General Libraries

Libraries contain code which is often required by more than one program. This has the advantage that each program doesn't need to duplicate code (and risk introducing bugs), it just has to call functions from the libraries installed on the system. The most obvious example of a set of libraries is glibc which is installed during the LFS book. This contains all of the C library functions which programs use.

There are two types of libraries: static and shared. Shared libraries (usually libXXX.so) are loaded into memory from the shared copy at runtime (hence the name). Static libraries (libXXX.a ) are actually linked into the program executable file itself, thus making the program file larger. Quite often, you will find both static and shared copies of the same library on your system.

Generally, you only need to install libraries when you are installing software that needs the functionality they supply. In the BLFS book, each package is presented with a list of (known) dependencies. Thus, you can figure out which libraries you need to have before installing that program. If you are installing something without using BLFS instructions, usually the README or INSTALL file will contain details of the program's requirements.

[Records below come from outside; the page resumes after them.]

lemma avg_nonneg: "T > 0 \<Longrightarrow> bounded_measurable \<phi> \<Longrightarrow> (\<And>t. \<phi> t \<ge> 0) \<Longrightarrow> avg \<phi> T \<ge> 0"
  using avg_mono[of T "\<lambda>_. 0" \<phi>] by (simp add: avg_const bounded_measurable_const)

lemma cesaro_null_avg:
  assumes "cesaro_null \<phi>"
  shows "(avg \<phi> \<longlongrightarrow> 0) at_top"
proof (rule tendsto_0_le[of _ _ _ 1])
  show "((\<lambda>T. avg (\<lambda>t. \<bar>\<phi> t\<bar>) T) \<longlongrightarrow> 0) at_top"
    using assms unfolding cesaro_null_def by blast
  show "\<forall>\<^sub>F T in at_top. norm (avg \<phi> T) \<le> norm (avg (\<lambda>t. \<bar>\<phi> t\<bar>) T) * 1"
    using eventually_gt_at_top[of "0::real"]
  proof eventually_elim
    case (elim T)
    have "\<bar>avg \<phi> T\<bar> \<le> avg (\<lambda>t. \<bar>\<phi> t\<bar>) T"
      using avg_abs_le[OF elim] assms unfolding cesaro_null_def by blast
    then show ?case by simp
  qed
qed

lemma cesaro_null_0: "cesaro_null (\<lambda>_. 0)"
proof -
  have "avg (\<lambda>_. 0) = (\<lambda>_. 0)"
    by (simp add: fun_eq_iff avg_const)
  then show ?thesis unfolding cesaro_null_def by (simp add: bounded_measurable_const)
qed

lemma cesaro_null_dominated:
  assumes null: "cesaro_null \<psi>" and m: "\<phi> \<in> borel_measurable L" and le: "\<And>t. \<bar>\<phi> t\<bar> \<le> \<bar>\<psi> t\<bar>"
  shows "cesaro_null \<phi>"
proof -
  obtain C where C: "\<forall>t. \<bar>\<psi> t\<bar> \<le> C"
    using null unfolding cesaro_null_def bounded_measurable_def by blast
  have bm: "bounded_measurable \<phi>"
    by (rule bounded_measurableI[OF m, of C]) (use le C in \<open>blast intro: order_trans\<close>)
  have "((\<lambda>T. avg (\<lambda>t. \<bar>\<phi> t\<bar>) T) \<longlongrightarrow> 0) at_top"
  proof (rule tendsto_sandwich[of "\<lambda>_. 0"])
    show "\<forall>\<^sub>F T in at_top. 0 \<le> avg (\<lambda>t. \<bar>\<phi> t\<bar>) T"
      using eventually_gt_at_top[of "0::real"]
      by eventually_elim (simp add: avg_nonneg bm bounded_measurable_abs)
    show "\<forall>\<^sub>F T in at_top. avg (\<lambda>t. \<bar>\<phi> t\<bar>) T \<le> avg (\<lambda>t. \<bar>\<psi> t\<bar>) T"
      using eventually_gt_at_top[of "0::real"]
    proof eventually_elim
      case (elim T)
      show ?case
        by (rule avg_mono[OF elim]) (use bm null le in \<open>auto simp: bounded_measurable_abs cesaro_null_def\<close>)
    qed
  qed (use null in \<open>auto simp: cesaro_null_def\<close>)
  with bm show ?thesis unfolding cesaro_null_def by blast
qed

lemma cesaro_null_uminus: "cesaro_null \<phi> \<Longrightarrow> cesaro_null (\<lambda>t. - \<phi> t)"
  by (rule cesaro_null_dominated) (auto simp: cesaro_null_def bounded_measurable_def)

lemma cesaro_null_add:
  assumes "cesaro_null \<phi>" "cesaro_null \<psi>"
  shows "cesaro_null (\<lambda>t. \<phi> t + \<psi> t)"
proof -
  have bm: "bounded_measurable (\<lambda>t. \<bar>\<phi> t\<bar>)" "bounded_measurable (\<lambda>t. \<bar>\<psi> t\<bar>)"
    using assms unfolding cesaro_null_def by (auto intro: bounded_measurable_abs)
  have "cesaro_null (\<lambda>t. \<bar>\<phi> t\<bar> + \<bar>\<psi> t\<bar>)"
    unfolding cesaro_null_def
  proof
    show "bounded_measurable (\<lambda>t. \<bar>\<phi> t\<bar> + \<bar>\<psi> t\<bar>)"
      using bm by (rule bounded_measurable_add)
    have "((\<lambda>T. avg (\<lambda>t. \<bar>\<phi> t\<bar>) T + avg (\<lambda>t. \<bar>\<psi> t\<bar>) T) \<longlongrightarrow> 0 + 0) at_top"
      using assms unfolding cesaro_null_def by (intro tendsto_add) auto
    then show "((\<lambda>T. avg (\<lambda>t. \<bar>\<bar>\<phi> t\<bar> + \<bar>\<psi> t\<bar>\<bar>) T) \<longlongrightarrow> 0) at_top"
      using avg_add[OF bm] by simp
  qed
  moreover have "(\<lambda>t. \<phi> t + \<psi> t) \<in> borel_measurable L"
    using assms unfolding cesaro_null_def bounded_measurable_def by auto
  ultimately show ?thesis
    by (rule cesaro_null_dominated) (simp add: abs_triangle_ineq)
qed

lemma cesaro_null_uniform_limit:
  assumes bm: "bounded_measurable \<phi>"
    and approx: "\<And>e. e > 0 \<Longrightarrow> \<exists>\<psi>. cesaro_null \<psi> \<and> (\<forall>t. \<bar>\<phi> t - \<psi> t\<bar> \<le> e)"
  shows "cesaro_null \<phi>"
proof -
  have "((\<lambda>T. avg (\<lambda>t. \<bar>\<phi> t\<bar>) T) \<longlongrightarrow> 0) at_top"
  proof (rule tendstoI)
    fix e :: real assume e: "e > 0"
    obtain \<psi> where null: "cesaro_null \<psi>" and close: "\<forall>t. \<bar>\<phi> t - \<psi> t\<bar> \<le> e / 4"
      using approx[of "e / 4"] e by auto
    have bm\<psi>: "bounded_measurable (\<lambda>t. \<bar>\<psi> t\<bar>)"
      using null unfolding cesaro_null_def by (simp add: bounded_measurable_abs)
    have small: "\<forall>\<^sub>F T in at_top. avg (\<lambda>t. \<bar>\<psi> t\<bar>) T < e / 2"
      using order_tendstoD(2)[of _ 0 at_top "e / 2"] null e unfolding cesaro_null_def by auto
    have volume: "\<forall>\<^sub>F T in at_top. volume_ratio T < 2"
      using order_tendstoD(2)[OF volume_ratio_tendsto, of 2] by simp
    show "\<forall>\<^sub>F T in at_top. dist (avg (\<lambda>t. \<bar>\<phi> t\<bar>) T) 0 < e"
      using small volume eventually_gt_at_top[of "0::real"]
    proof eventually_elim
      case (elim T)
      have "0 \<le> avg (\<lambda>t. \<bar>\<phi> t\<bar>) T"
        using elim(3) bm by (simp add: avg_nonneg bounded_measurable_abs)
      moreover have "avg (\<lambda>t. \<bar>\<phi> t\<bar>) T \<le> avg (\<lambda>t. \<bar>\<psi> t\<bar> + e / 4) T"
      proof (rule avg_mono)
        show "\<bar>\<phi> t\<bar> \<le> \<bar>\<psi> t\<bar> + e / 4" for t
          using close[rule_format, of t] by linarith
      qed (use elim(3) bm bm\<psi> in \<open>auto simp: bounded_measurable_abs bounded_measurable_add
              bounded_measurable_const\<close>)
      moreover have "avg (\<lambda>t. \<bar>\<psi> t\<bar> + e / 4) T = avg (\<lambda>t. \<bar>\<psi> t\<bar>) T + e / 4 * volume_ratio T"
        using avg_add[OF bm\<psi> bounded_measurable_const] by (simp add: avg_const)
      moreover have "e / 4 * volume_ratio T \<le> e / 4 * 2"
        using elim(2) e by (intro mult_left_mono) auto
      ultimately show ?case using elim(1) by simp
    qed
  qed
  with bm show ?thesis unfolding cesaro_null_def by blast
qed

text \<open>Let F assign to every event a function of the index, additively on disjoint
  events and Lipschitz-continuously in the probability of the difference.  Then
  Cesaro-nullity passes from the members of a disjoint sequence of events to their
  union: the partial unions are Cesaro-null by additivity, and they approximate the
  union uniformly.\<close>
lemma cesaro_null_disjoint_UN:
  fixes M :: "'a measure" and F :: "'a set \<Rightarrow> 't \<Rightarrow> real" and A :: "nat \<Rightarrow> 'a set"
  assumes M: "prob_space M"
    and additive: "\<And>A A'. A \<in> sets M \<Longrightarrow> A' \<in> sets M \<Longrightarrow> A \<inter> A' = {} \<Longrightarrow>
                      F (A \<union> A') = (\<lambda>t. F A t + F A' t)"
    and empty: "F {} = (\<lambda>_. 0)"
    and lipschitz: "\<And>A A' t. A \<in> sets M \<Longrightarrow> A' \<in> sets M \<Longrightarrow> A' \<subseteq> A \<Longrightarrow>
                      \<bar>F A t - F A' t\<bar> \<le> measure M (A - A')"
    and A_sets: "\<And>i. A i \<in> sets M" and disjoint: "disjoint_family A"
    and null: "\<And>i. cesaro_null (F (A i))" and bm: "bounded_measurable (F (\<Union>i. A i))"
  shows "cesaro_null (F (\<Union>i. A i))"
proof -
  interpret prob_space M by (rule M)
  define U where "U n = (\<Union>i<n. A i)" for n
  have U_sets: "U n \<in> sets M" for n unfolding U_def using A_sets by blast
  have U_Suc: "U (Suc n) = U n \<union> A n" for n
    unfolding U_def by (simp add: lessThan_Suc Un_commute)
  have U_disjoint: "U n \<inter> A n = {}" for n
    using disjoint unfolding U_def disjoint_family_on_def by (auto dest: less_imp_neq)
  have U_null: "cesaro_null (F (U n))" for n
  proof (induction n)
    case 0
    show ?case using cesaro_null_0 empty unfolding U_def by simp
  next
    case (Suc n)
    have "F (U (Suc n)) = (\<lambda>t. F (U n) t + F (A n) t)"
      unfolding U_Suc by (rule additive[OF U_sets A_sets U_disjoint])
    then show ?case using cesaro_null_add[OF Suc null] by simp
  qed
  have UA_sets: "(\<Union>i. A i) \<in> sets M" using A_sets by blast
  have U_sub: "U n \<subseteq> (\<Union>i. A i)" for n unfolding U_def by blast
  have "(\<lambda>n. measure M (U n)) \<longlonglongrightarrow> measure M (\<Union>n. U n)"
  proof (rule finite_Lim_measure_incseq)
    show "incseq U" unfolding incseq_def U_def by (force intro: order_less_le_trans)
  qed (use U_sets in blast)
  moreover have "(\<Union>n. U n) = (\<Union>i. A i)" unfolding U_def by blast
  ultimately have U_lim: "(\<lambda>n. measure M (U n)) \<longlonglongrightarrow> measure M (\<Union>i. A i)" by simp
  show ?thesis
  proof (rule cesaro_null_uniform_limit[OF bm])
    fix e :: real assume e: "e > 0"
    obtain n where n: "dist (measure M (U n)) (measure M (\<Union>i. A i)) < e"
      using tendstoD[OF U_lim e] eventually_sequentially by auto
    have "measure M ((\<Union>i. A i) - U n) = measure M (\<Union>i. A i) - measure M (U n)"
      using finite_measure_Diff[OF UA_sets U_sets U_sub] .
    then have "measure M ((\<Union>i. A i) - U n) \<le> e"
      using n unfolding dist_real_def by linarith
    then have "\<forall>t. \<bar>F (\<Union>i. A i) t - F (U n) t\<bar> \<le> e"
      using lipschitz[OF UA_sets U_sets U_sub] by (meson order_trans)
    then show "\<exists>\<psi>. cesaro_null \<psi> \<and> (\<forall>t. \<bar>F (\<Union>i. A i) t - \<psi> t\<bar> \<le> e)"
      using U_null by blast
  qed
qed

There are certain libraries which nearly everyone will need at some point. In this chapter we list these and some others and explain why you may want to install them.

OpenSSL-0.9.7d

Introduction to OpenSSL

The OpenSSL package contains management tools and libraries relating to cryptography. These are useful for providing cryptography functions to other packages, notably OpenSSH and web browsers (for accessing secure https sites).

Package information

Installation of OpenSSL

Install OpenSSL by running the following commands:

sed 's/^passwd/openssl-passwd/' doc/apps/passwd.pod \
    > doc/apps/openssl-passwd.pod &&
rm doc/apps/passwd.pod &&
mv doc/crypto/{,openssl_}threads.pod &&
sed -i -e 's/-m486/-march=i486/' Configure &&
./config --openssldir=/etc/ssl --prefix=/usr shared &&
make MANDIR=/usr/share/man &&
make MANDIR=/usr/share/man install &&
cp -r certs /etc/ssl &&
rmdir /etc/ssl/lib

Command explanations

no-rc5 no-idea: When added to the ./config command, this will eliminate the building of those encryption methods. Patent licenses may be needed for you to utilize either of those methods in your projects.

rm doc/apps/passwd.pod: This command prevents OpenSSL from installing its passwd man page over an existing man page with the same name.

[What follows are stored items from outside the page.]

(* Fix $x\in\mathbb{C}$. Let $G_1$ and $G_2$ be two graphs of the same order and let $H$ be any graph. Then $G_1\vee H$ and $G_2 \vee H$ are cospectral with respect to $A+xD$ and with respect to $\bar A + x\bar D$ if and only if $G_1$ and $G_2$ are cospectral with respect to $A+xD$ and with respect to $\bar A+x\bar D$.
   Context: Graphs are finite and simple. For a graph, $A$ and $D$ denote its adjacency and (diagonal) degree matrices, and $\bar A$, $\bar D$ denote the adjacency and degree matrices of its complement. Two graphs are cospectral with respect to a matrix type (e.g., $A+xD$) if the corresponding matrices have the same multiset of eigenvalues. The join $G\vee H$ is the disjoint union of $G$ and $H$ together with all edges between a vertex of $G$ and a vertex of $H$. *)

theory Defs
  imports "Jordan_Normal_Form.Matrix" "Jordan_Normal_Form.Char_Poly"
    "HOL-Computational_Algebra.Polynomial"
begin

text \<open>A finite simple graph of order n: vertex set {0..<n}, edge relation E,
  symmetric and irreflexive on the vertex set (values outside are irrelevant).\<close>
definition simple_graph :: "nat \<Rightarrow> (nat \<Rightarrow> nat \<Rightarrow> bool) \<Rightarrow> bool" where
  "simple_graph n E \<longleftrightarrow> (\<forall>i<n. \<forall>j<n. E i j = E j i) \<and> (\<forall>i<n. \<not> E i i)"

mv doc/crypto/{,openssl_}threads.pod: This commands prevents OpenSSL from overwriting an existing man page from Perl.

sed -i -e 's/-m486/-march=i486/' Configure: GCC issues a warning on every compilation because the Configure command uses deprecated -m486 instead of -march=i486.

make MANDIR=/usr/share/man
make MANDIR=/usr/share/man install

These commands install OpenSSL with the man pages in /usr/share/man instead of the default which is /etc/ssl/man.

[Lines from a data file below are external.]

(* Let $\mathcal{P}\subseteq\mathcal{S}\subseteq\mathcal{T}$ be group properties. If for every $G\in\mathcal{S}$ there exists $H\in\mathcal{P}$ such that the group $(\mathbb{N},G)$ embeds (as a group) into $(\mathbb{N},H)$, then $\mathcal{P}$ is dense in $\mathcal{S}$.
   Context: Let $\mathbb{N}^{\mathbb{N}\times\mathbb{N}}$ be the space of functions $\mathbb{N}\times\mathbb{N}\to\mathbb{N}$ with the product of discrete topologies. Let $\mathcal{A}=\{G\in\mathbb{N}^{\mathbb{N}\times\mathbb{N}}: G \text{ is an abelian group operation on } \mathbb{N} \text{ with identity element } 0\}$ and $\mathcal{T}=\{G\in\mathcal{A}: (\mathbb{N},G)\text{ is torsion-free}\}$, with the subspace topology. A set $\mathcal{P}\subseteq\mathcal{T}$ is a group property if it is isomorphism invariant: for any $G\in\mathcal{T}$, if $(\mathbb{N},G)$ is isomorphic to $(\mathbb{N},H)$ for some $H\in\mathcal{P}$, then $G\in\mathcal{P}$. *)

theory Defs
  imports "HOL-Analysis.Analysis" "HOL-Algebra.Group"
begin

text \<open>The structure (N, G) for a binary operation G : N x N -> N, with identity 0.
  The ambient space nat \<times> nat \<Rightarrow> nat carries the product topology
  (Function_Topology) of the discrete topology on nat.\<close>

definition grp :: "(nat \<times> nat \<Rightarrow> nat) \<Rightarrow> nat monoid" where
  "grp G = \<lparr>carrier = UNIV, monoid.mult = (\<lambda>a b. G (a, b)), one = 0\<rparr>"

definition AbGrp :: "(nat \<times> nat \<Rightarrow> nat) set" where
  "AbGrp = {G. comm_group (grp G)}"

definition torsion_free :: "('a, 'b) monoid_scheme \<Rightarrow> bool" where
  "torsion_free M \<longleftrightarrow>
     (\<forall>x\<in>carrier M. \<forall>n::nat. n > 0 \<longrightarrow> x [^]\<^bsub>M\<^esub> n = \<one>\<^bsub>M\<^esub> \<longrightarrow> x = \<one>\<^bsub>M\<^esub>)"

definition TF :: "(nat \<times> nat \<Rightarrow> nat) set" where
  "TF = {G \<in> AbGrp. torsion_free (grp G)}"

definition group_property :: "(nat \<times> nat \<Rightarrow> nat) set \<Rightarrow> bool" where
  "group_property P \<longleftrightarrow> P \<subseteq> TF \<and>
     (\<forall>G\<in>TF. \<forall>H\<in>P. grp G \<cong> grp H \<longrightarrow> G \<in> P)"

definition embeds :: "('a, 'c) monoid_scheme \<Rightarrow> ('b, 'd) monoid_scheme \<Rightarrow> bool" where
  "embeds M N \<longleftrightarrow> (\<exists>h. h \<in> hom M N \<and> inj_on h (carrier M))"

text \<open>P dense in S w.r.t. the subspace topology on S: every point of S lies in the
  closure of P (closure taken in the product space; closure in S is this intersected with S).\<close>

end

theory Submission
  imports Defs
begin

text \<open>A basic open set of the product topology constrains only finitely many entries of
  the operation table, so it suffices to match the table of \<open>G\<close> on a finite set \<open>F\<close> of
  pairs by an operation in \<open>P\<close>. Take \<open>H \<in> P\<close> with an embedding \<open>h\<close> of \<open>G\<close> into \<open>H\<close>, and
  extend \<open>h\<close>, restricted to the finitely many elements occurring in \<open>F\<close> (together with \<open>0\<close>),
  to a permutation \<open>\<sigma>\<close> of \<open>\<nat>\<close>. Transporting \<open>H\<close> along \<open>\<sigma>\<close> gives an isomorphic torsion-free
  group, hence one in \<open>P\<close>, and on \<open>F\<close> its table agrees with that of \<open>G\<close>.\<close>

lemma closure_fun_if_finite_agreement:
  fixes f :: "'a \<Rightarrow> 'b::topological_space"
  assumes "\<And>F. finite F \<Longrightarrow> \<exists>g\<in>P. \<forall>x\<in>F. g x = f x"
  shows "f \<in> closure P"
  unfolding closure_iff_nhds_not_empty
proof (intro allI impI)
  fix U V assume "V \<subseteq> U" and "open V" and "f \<in> V"
  then obtain X where fX: "f \<in> (\<Pi>\<^sub>E i\<in>UNIV. X i)"
    and fin: "finite {i. X i \<noteq> topspace euclidean}" and XV: "(\<Pi>\<^sub>E i\<in>UNIV. X i) \<subseteq> V"
    using product_topology_open_contains_basis[of "\<lambda>_. euclidean" UNIV V f]
    by (auto simp: open_fun_def)
  obtain g where "g \<in> P" and agree: "\<forall>i\<in>{i. X i \<noteq> UNIV}. g i = f i"
    using assms[of "{i. X i \<noteq> UNIV}"] fin by auto
  have "g i \<in> X i" for i
    using fX agree by (cases "X i = UNIV") auto
  then have "g \<in> (\<Pi>\<^sub>E i\<in>UNIV. X i)" by auto
  then show "P \<inter> U \<noteq> {}" using XV \<open>V \<subseteq> U\<close> \<open>g \<in> P\<close> by blast
qed

lemma inj_on_finite_extends_to_bij:
  fixes h :: "'a \<Rightarrow> 'a"
  assumes "finite A" and "inj_on h A"
  shows "\<exists>\<sigma>. bij \<sigma> \<and> (\<forall>x\<in>A. \<sigma> x = h x)"
proof -
  define B where "B = h ` A"
  have hAB: "bij_betw h A B" using assms(2) by (simp add: B_def bij_betw_def)
  have "finite B" using assms(1) by (simp add: B_def)
  moreover have "card (B - A) = card (A - B)"
    using assms \<open>finite B\<close> hAB
    by (metis bij_betw_same_card card_Diff_subset_Int finite_Int Int_commute)
  ultimately obtain \<tau> where \<tau>: "bij_betw \<tau> (B - A) (A - B)"
    using assms(1) finite_same_card_bij by (meson finite_Diff)
  define \<sigma> where "\<sigma> x = (if x \<in> A \<union> B then (if x \<in> A then h x else \<tau> x) else x)" for x
  have "bij_betw (\<lambda>x. if x \<in> A then h x else \<tau> x) (A \<union> (B - A)) (B \<union> (A - B))"
    using bij_betw_disjoint_Un[OF hAB \<tau>] by blast
  then have "bij_betw (\<lambda>x. if x \<in> A then h x else \<tau> x) (A \<union> B) (A \<union> B)"
    by (simp add: Un_commute)
  from bij_betw_disjoint_Un[OF this bij_betw_id Compl_disjoint Compl_disjoint]
  have "bij_betw \<sigma> (A \<union> B \<union> - (A \<union> B)) (A \<union> B \<union> - (A \<union> B))"
    by (simp add: \<sigma>_def[abs_def] cong: if_cong)
  then have "bij \<sigma>" unfolding Compl_partition .
  then show ?thesis by (auto simp: \<sigma>_def)
qed

lemma torsion_free_inj_hom:
  assumes "group M" and "group N" and h: "h \<in> hom M N" and inj: "inj_on h (carrier M)"
    and "torsion_free N"
  shows "torsion_free M"
  unfolding torsion_free_def
proof (intro ballI allI impI)
  fix x and n :: nat assume x: "x \<in> carrier M" and "n > 0" and "x [^]\<^bsub>M\<^esub> n = \<one>\<^bsub>M\<^esub>"
  then have "h x [^]\<^bsub>N\<^esub> n = \<one>\<^bsub>N\<^esub>"
    using hom_nat_pow[OF h x] hom_one[OF h] assms(1,2) by metis
  then have "h x = h \<one>\<^bsub>M\<^esub>"
    using \<open>torsion_free N\<close> \<open>n > 0\<close> hom_one[OF h] assms(1,2) h x
    by (auto simp: torsion_free_def hom_def)
  then show "x = \<one>\<^bsub>M\<^esub>"
    using inj x monoid.one_closed[OF group.is_monoid[OF assms(1)]] by (auto dest: inj_onD)
qed

definition pullback_op :: "(nat \<Rightarrow> nat) \<Rightarrow> (nat \<times> nat \<Rightarrow> nat) \<Rightarrow> nat \<times> nat \<Rightarrow> nat" where
  "pullback_op \<sigma> H = (\<lambda>(x, y). inv_into UNIV \<sigma> (H (\<sigma> x, \<sigma> y)))"

lemma bij_iso_pullback_op:
  assumes "bij \<sigma>"
  shows "\<sigma> \<in> iso (grp (pullback_op \<sigma> H)) (grp H)"
  using assms by (auto simp: iso_def hom_def grp_def pullback_op_def bij_is_surj surj_f_inv_f)

lemma inv_iso_pullback_op:
  assumes "bij \<sigma>"
  shows "inv_into UNIV \<sigma> \<in> iso (grp H) (grp (pullback_op \<sigma> H))"
  using assms bij_imp_bij_inv[OF assms]
  by (auto simp: iso_def hom_def grp_def pullback_op_def bij_is_surj bij_is_inj surj_f_inv_f)

lemma pullback_op_in_TF:
  assumes H: "H \<in> TF" and "bij \<sigma>" and "\<sigma> 0 = 0"
  shows "pullback_op \<sigma> H \<in> TF"
proof -
  have cH: "comm_group (grp H)" and "torsion_free (grp H)"
    using H by (auto simp: TF_def AbGrp_def)
  have "inv_into UNIV \<sigma> 0 = 0" using \<open>bij \<sigma>\<close> \<open>\<sigma> 0 = 0\<close> by (metis bij_is_inj inv_f_f)
  then have "comm_group (grp (pullback_op \<sigma> H))"
    using comm_group.iso_imp_img_comm_group[OF cH inv_iso_pullback_op[OF \<open>bij \<sigma>\<close>]]
    by (simp add: grp_def)
  moreover have "torsion_free (grp (pullback_op \<sigma> H))"
  proof (rule torsion_free_inj_hom)
    show "group (grp (pullback_op \<sigma> H))" using calculation by (rule comm_group.axioms(2))
    show "group (grp H)" using cH by (rule comm_group.axioms(2))
    show "\<sigma> \<in> hom (grp (pullback_op \<sigma> H)) (grp H)"
      using bij_iso_pullback_op[OF \<open>bij \<sigma>\<close>] by (simp add: iso_def)
    show "inj_on \<sigma> (carrier (grp (pullback_op \<sigma> H)))"
      using \<open>bij \<sigma>\<close> by (simp add: bij_is_inj grp_def)
  qed fact
  ultimately show ?thesis by (simp add: TF_def AbGrp_def)
qed

lemma group_property_pullback_op:
  assumes "group_property P" and "H \<in> P" and "bij \<sigma>" and "\<sigma> 0 = 0"
  shows "pullback_op \<sigma> H \<in> P"
proof -
  have "pullback_op \<sigma> H \<in> TF"
    using assms by (intro pullback_op_in_TF) (auto simp: group_property_def)
  moreover have "grp (pullback_op \<sigma> H) \<cong> grp H"
    using bij_iso_pullback_op[OF \<open>bij \<sigma>\<close>] by (auto simp: is_iso_def)
  ultimately show ?thesis using assms(1,2) by (auto simp: group_property_def)
qed

lemma embeds_finitely_approximated:
  assumes P: "group_property P" and G: "group (grp G)" and "H \<in> P"
    and "embeds (grp G) (grp H)" and "finite F"
  shows "\<exists>H'\<in>P. \<forall>p\<in>F. H' p = G p"
proof -
  obtain h where h: "h \<in> hom (grp G) (grp H)" and "inj h"
    using \<open>embeds (grp G) (grp H)\<close> by (auto simp: embeds_def grp_def)
  have "group (grp H)"
    using P \<open>H \<in> P\<close> by (auto simp: group_property_def TF_def AbGrp_def comm_group_def)
  then have "h 0 = 0" using hom_one[OF h G] by (simp add: grp_def)
  have hmult: "h (G (a, b)) = H (h a, h b)" for a b using h by (auto simp: hom_def grp_def)
  define A where "A = insert 0 (fst ` F \<union> snd ` F \<union> G ` F)"
  have "finite A" using \<open>finite F\<close> by (simp add: A_def)
  moreover have "inj_on h A" using \<open>inj h\<close> by (rule inj_on_subset) simp
  ultimately obtain \<sigma> where "bij \<sigma>" and \<sigma>h: "\<forall>x\<in>A. \<sigma> x = h x"
    using inj_on_finite_extends_to_bij by blast
  have "pullback_op \<sigma> H \<in> P"
    using group_property_pullback_op[OF P \<open>H \<in> P\<close> \<open>bij \<sigma>\<close>] \<sigma>h \<open>h 0 = 0\<close> by (simp add: A_def)
  moreover have "pullback_op \<sigma> H p = G p" if "p \<in> F" for p
  proof (cases p)
    case (Pair a b)
    have "a \<in> A" "b \<in> A" "G (a, b) \<in> A"
      using that Pair unfolding A_def by force+
    then have "H (\<sigma> a, \<sigma> b) = \<sigma> (G (a, b))" using \<sigma>h hmult by simp
    then show ?thesis using \<open>bij \<sigma>\<close> Pair by (simp add: pullback_op_def bij_is_inj)
  qed
  ultimately show ?thesis by metis
qed

theorem lemma2p8:
  fixes P S :: "(nat \<times> nat \<Rightarrow> nat) set"
  assumes "group_property P" and "group_property S" and "P \<subseteq> S"
    and "\<forall>G\<in>S. \<exists>H\<in>P. embeds (grp G) (grp H)"
  shows "S \<subseteq> closure P"
proof
  fix G assume "G \<in> S"
  then have "group (grp G)"
    using assms(2) by (auto simp: group_property_def TF_def AbGrp_def comm_group_def)
  obtain H where "H \<in> P" and "embeds (grp G) (grp H)" using assms(4) \<open>G \<in> S\<close> by blast
  show "G \<in> closure P"
    by (rule closure_fun_if_finite_agreement)
       (auto intro: embeds_finitely_approximated[OF assms(1) \<open>group (grp G)\<close> \<open>H \<in> P\<close>
                       \<open>embeds (grp G) (grp H)\<close>])
qed

end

cp -r certs /etc/ssl: The certificates must be copied manually since the install script skips this step.

rmdir /etc/ssl/lib: This is simply a tidy-up command. For some reason, the openssl install routine creates the /etc/ssl/lib directory even though the libraries have been installed in /usr/lib. We remove it to keep things nice and tidy!

Configuring OpenSSL

Config files

/etc/ssl/openssl.cnf

Configuration Information

Most people who just want to use openssl for providing functions to other programs such as OpenSSH and web browsers won't need to worry about configuring OpenSSL. Configuring OpenSSL is an advanced topic and so those who do would normally be expected to either know how to do it or to be able to find out how to do it.

Contents

The OpenSSL package contains c_rehash, openssl, libcrypto libraries and libssl libraries.

Description

c_rehash

c_rehash is a Perl script that scans all files in a directory and adds symbolic links to their hash values.

openssl

The openssl program is a command-line tool for using the various cryptography functions of OpenSSL's crypto library from the shell. It can be used for various functions which are documented in man 1 openssl.

libcrypto

The OpenSSL crypto library implements a wide range of cryptographic algorithms used in various Internet standards. The services provided by this library are used by the OpenSSL implementations of SSL, TLS and S/MIME, and they have also been used to implement OpenSSH, OpenPGP , and other cryptographic standards.

libssl

The OpenSSL SSL library implements the Secure Sockets Layer (SSL v2/v3) and Transport Layer Security (TLS v1) protocols. It provides a rich API, documentation on which can be found by running man 3 ssl.